Referencing the Treetop Enterprises (Waffle House) case, Duerr noted the court found the managers' primary duty wasn't to manage. Their primary duty was to cook, and that was the key factor: What are they spending most of their time doing? "This can be particularly complex, when assistant general managers have circle management," he said. "The new regulations look at what they are doing 50 percent of the time, and how closely the employee is supervised."
Duerr used the analogy of a ditch digger supervisor. "He is a ditch digger like anyone else but can tell other ditch diggers what to do. Still, if his primary job is to dig ditches, he is not considered exempt for the purposes of the FLSA. Although the title is kitchen manager, if it is not her primary job to manage, she is not covered by the executive exemption."
It's OK Until It is Not
The problem with improperly classifying the aforementioned kitchen manager, and others, as an exempt employee will not be apparent until something goes wrong. "Everything is fine until it's not," said Duerr. "If she believes you've done her wrong, you might have to compute her salary at 55 hours a week, and pay her an additional time and a half for 15 hours a week for the past three or whatever years she has worked for you."
It's important to note that employees cannot agree to waive their rights under the law. If they're entitled to minimum wage or overtime on the basis of the law, they are entitled to it," said Duerr. "You can have a 20-page paper drawn up by the best attorneys in the world, and it has no effect unless it is approved by the DOL or judge."
Complying With the Fair Labor Standard Act's New Overtime Laws
Labor attorney Douglas H. Duerr of the Atlanta-based hospitality employment law firm Elarbee, Thompson, Sapp & Wilson, LLP, recommends the following advice for staying within the boundaries of the new overtime laws:
- Review the salaries and duties of all employees who are categorized as exempt. This will include general managers and assistant general managers and some of your office workers. Make sure that they qualify with the new regulations.
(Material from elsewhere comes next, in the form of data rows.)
(* Let $A=\begin{pmatrix} a & b\\ c & d\end{pmatrix}\in SL_2(\mathbb{Z})$ with $c>0$ and $d\neq 0$. (i) If $d>0$, let $S=\begin{pmatrix}0&-1\\1&0\end{pmatrix}$, so $AS=\begin{pmatrix} b&-a\\ d&-c\end{pmatrix}$; then $\epsilon_1(AS)=e^{-3\pi i/4}\epsilon_1(A)$. (ii) If $d<0$, let $S=\begin{pmatrix}0&1\\-1&0\end{pmatrix}$, so $AS=\begin{pmatrix} -b&a\\ -d&c\end{pmatrix}$; then $\epsilon_1(AS)=e^{3\pi i/4}\epsilon_1(A)$.
   Context: For integers $k>0$ and $h$ with $\gcd(h,k)=1$, the Dedekind sum is $s(h,k)=\sum_{r=1}^{k-1}\frac{r}{k}\left(\frac{hr}{k}-\left\lfloor\frac{hr}{k}\right\rfloor-\frac12\right)$. For $M=\begin{pmatrix} a&b\\ c&d\end{pmatrix}\in SL_2(\mathbb{Z})$ with $c>0$, define $\epsilon_1(M)=-i\exp\!\left(3\pi i\left(\frac{a+d}{12c}-s(d,c)\right)\right)$. In both cases the lower-left entry of $AS$ is positive, so $\epsilon_1(AS)$ is defined. *)

theory Defs
  imports Complex_Main
begin

definition dedekind_sum :: "int \<Rightarrow> int \<Rightarrow> real" where
  "dedekind_sum h k = (\<Sum>r\<in>{1..k-1}. (real_of_int r / real_of_int k) *
      (real_of_int (h*r) / real_of_int k - real_of_int \<lfloor>real_of_int (h*r) / real_of_int k\<rfloor> - 1/2))"

definition eps1 :: "int \<Rightarrow> int \<Rightarrow> int \<Rightarrow> int \<Rightarrow> complex" where
  "eps1 a b c d = - \<i> * exp (3 * pi * \<i> *
      complex_of_real (real_of_int (a + d) / (12 * real_of_int c) - dedekind_sum d c))"

end

theory Submission
  imports Defs "HOL-Number_Theory.Modular_Inverse"
begin

text \<open>
  With \<open>A(h,k) = \<Sum>\<^sub>r r (h r mod k)\<close> one has \<open>s(h,k) = A(h,k)/k\<^sup>2 - (k-1)/4\<close>, so Dedekind
  reciprocity is a polynomial identity between \<open>A(h,k)\<close> and \<open>A(k,h)\<close>. It comes from
  evaluating \<open>\<Sum> max (h x) (k y)\<close> over the grid \<open>1 \<le> x < k\<close>, \<open>1 \<le> y < h\<close> in two ways:
  splitting along the diagonal \<open>h x = k y\<close>, which contains no grid point since
  \<open>gcd(h,k) = 1\<close>, yields the sums \<open>\<Sum>\<^sub>r r \<lfloor>h r/k\<rfloor>\<close>; summing row by row yields a closed
  form, because \<open>r \<mapsto> h r mod k\<close> permutes \<open>{1..k-1}\<close>.
  With reciprocity, \<open>s(-h,k) = -s(h,k)\<close> and \<open>a d - b c = 1\<close>, the exponents of
  \<open>\<epsilon>\<^sub>1(AS)\<close> and \<open>\<epsilon>\<^sub>1(A)\<close> differ by exactly \<open>\<mp>1/4\<close>.
\<close>

lemma double_sum_Icc_int:
  fixes n :: int
  assumes "0 \<le> n"
  shows "2 * (\<Sum>r\<in>{1..n}. r) = n * (n + 1)"
  using assms
proof (induction n rule: int_ge_induct)
  case (step i)
  have "(\<Sum>r\<in>{1..i+1}. r) = (\<Sum>r\<in>{1..i}. r) + (i + 1)"
    using atLeastAtMostPlus1_int_conv[of 1 i] step.hyps by (simp add: add.commute)
  with step.IH show ?case by (simp add: algebra_simps)
qed simp

lemma six_sum_power2_Icc_int:
  fixes n :: int
  assumes "0 \<le> n"
  shows "6 * (\<Sum>r\<in>{1..n}. r\<^sup>2) = n * (n + 1) * (2 * n + 1)"
  using assms
proof (induction n rule: int_ge_induct)
  case (step i)
  have "(\<Sum>r\<in>{1..i+1}. r\<^sup>2) = (\<Sum>r\<in>{1..i}. r\<^sup>2) + (i + 1)\<^sup>2"
    using atLeastAtMostPlus1_int_conv[of 1 i] step.hyps by (simp add: add.commute)
  with step.IH show ?case by (simp add: algebra_simps power2_eq_square)
qed simp

lemma coprime_not_dvd_mult_Icc:
  fixes h k x :: int
  assumes "coprime h k" "x \<in> {1..k-1}"
  shows "\<not> k dvd h * x"
  using assms by (auto simp: coprime_commute coprime_dvd_mult_right_iff dest: zdvd_imp_le)

lemma bij_betw_mult_mod_Icc:
  fixes h k :: int
  assumes "coprime h k"
  shows "bij_betw (\<lambda>x. h * x mod k) {1..k-1} {1..k-1}"
  using bij_betw_int_remainders_mult[OF assms]
    atLeastLessThanPlusOne_atLeastAtMost_int[of 1 "k - 1"]
  by simp

lemma of_int_divide_minus_of_int_div:
  fixes z k :: int
  assumes "k \<noteq> 0"
  shows "of_int z / of_int k - of_int (z div k) = (of_int (z mod k) / of_int k :: 'a :: field_char_0)"
proof -
  have "(of_int z :: 'a) = of_int k * of_int (z div k) + of_int (z mod k)"
    by (metis div_mult_mod_eq mult.commute of_int_add of_int_mult)
  then show ?thesis
    using assms by (simp add: field_simps)
qed

definition residue_moment :: "int \<Rightarrow> int \<Rightarrow> int" where
  "residue_moment h k = (\<Sum>r\<in>{1..k-1}. r * (h * r mod k))"

definition quotient_moment :: "int \<Rightarrow> int \<Rightarrow> int" where
  "quotient_moment h k = (\<Sum>r\<in>{1..k-1}. r * (h * r div k))"

lemma residue_moment_eq_quotient_moment:
  "residue_moment h k = h * (\<Sum>r\<in>{1..k-1}. r\<^sup>2) - k * quotient_moment h k"
proof -
  have "r * (h * r mod k) = h * r\<^sup>2 - k * (r * (h * r div k))" for r
  proof -
    have "h * r mod k = h * r - k * (h * r div k)"
      by (simp add: minus_mult_div_eq_mod)
    then show ?thesis
      by algebra
  qed
  then show ?thesis
    unfolding residue_moment_def quotient_moment_def
    by (simp add: sum_subtractf sum_distrib_left)
qed

lemma dedekind_sum_eq_residue_moment:
  assumes "k > 0"
  shows "dedekind_sum h k
    = real_of_int (residue_moment h k) / (real_of_int k)\<^sup>2 - (real_of_int k - 1) / 4"
proof -
  have "dedekind_sum h k = (\<Sum>r\<in>{1..k-1}. real_of_int (r * (h * r mod k)) / (real_of_int k)\<^sup>2
        - real_of_int r / (2 * real_of_int k))"
    unfolding dedekind_sum_def floor_divide_of_int_eq
      of_int_divide_minus_of_int_div[OF less_imp_neq[OF assms, symmetric]]
    using assms by (intro sum.cong refl) (simp add: field_simps power2_eq_square)
  also have "\<dots> = real_of_int (residue_moment h k) / (real_of_int k)\<^sup>2
        - real_of_int (2 * (\<Sum>r\<in>{1..k-1}. r)) / (4 * real_of_int k)"
    unfolding residue_moment_def by (simp add: sum_subtractf sum_divide_distrib)
  also have "real_of_int (2 * (\<Sum>r\<in>{1..k-1}. r)) / (4 * real_of_int k) = (real_of_int k - 1) / 4"
  proof -
    have "2 * (\<Sum>r\<in>{1..k-1}. r) = (k - 1) * k"
      using double_sum_Icc_int[of "k - 1"] assms by simp
    then show ?thesis
      using assms by simp
  qed
  finally show ?thesis .
qed

lemma dedekind_sum_uminus:
  fixes h k :: int
  assumes "k > 0" "coprime h k"
  shows "dedekind_sum (-h) k = - dedekind_sum h k"
proof -
  have "real_of_int r / real_of_int k * (real_of_int (- h * r mod k) / real_of_int k - 1 / 2)
      = - (real_of_int r / real_of_int k * (real_of_int (h * r mod k) / real_of_int k - 1 / 2))"
    if "r \<in> {1..k-1}" for r
  proof -
    have "h * r mod k \<noteq> 0"
      using coprime_not_dvd_mult_Icc[OF assms(2) that] by (simp add: dvd_eq_mod_eq_0)
    then have complement:
      "real_of_int (- h * r mod k) = real_of_int k - real_of_int (h * r mod k)"
      using zmod_zminus1_eq_if[of "h * r" k] by simp
    show ?thesis
      unfolding complement using assms(1) by (simp add: field_simps)
  qed
  then show ?thesis
    unfolding dedekind_sum_def floor_divide_of_int_eq sum_negf[symmetric]
      of_int_divide_minus_of_int_div[OF less_imp_neq[OF assms(1), symmetric]]
    by (intro sum.cong refl) simp
qed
- Put all current and future conduct rules in writing. Infractions of written conduct rules are a permissible deduction now. Include even common-sense rules, including policies against workplace violence, sexual harassment, and alcohol rules. (This is particularly important if, like many restaurateurs, you do not have employment practices liability insurance.) List unpaid suspension or termination as a penalty for violation.
- Adopt a compensation rule that provides that exempt employees will not be subject to improper deductions and provides a complaint mechanism for raising those objections.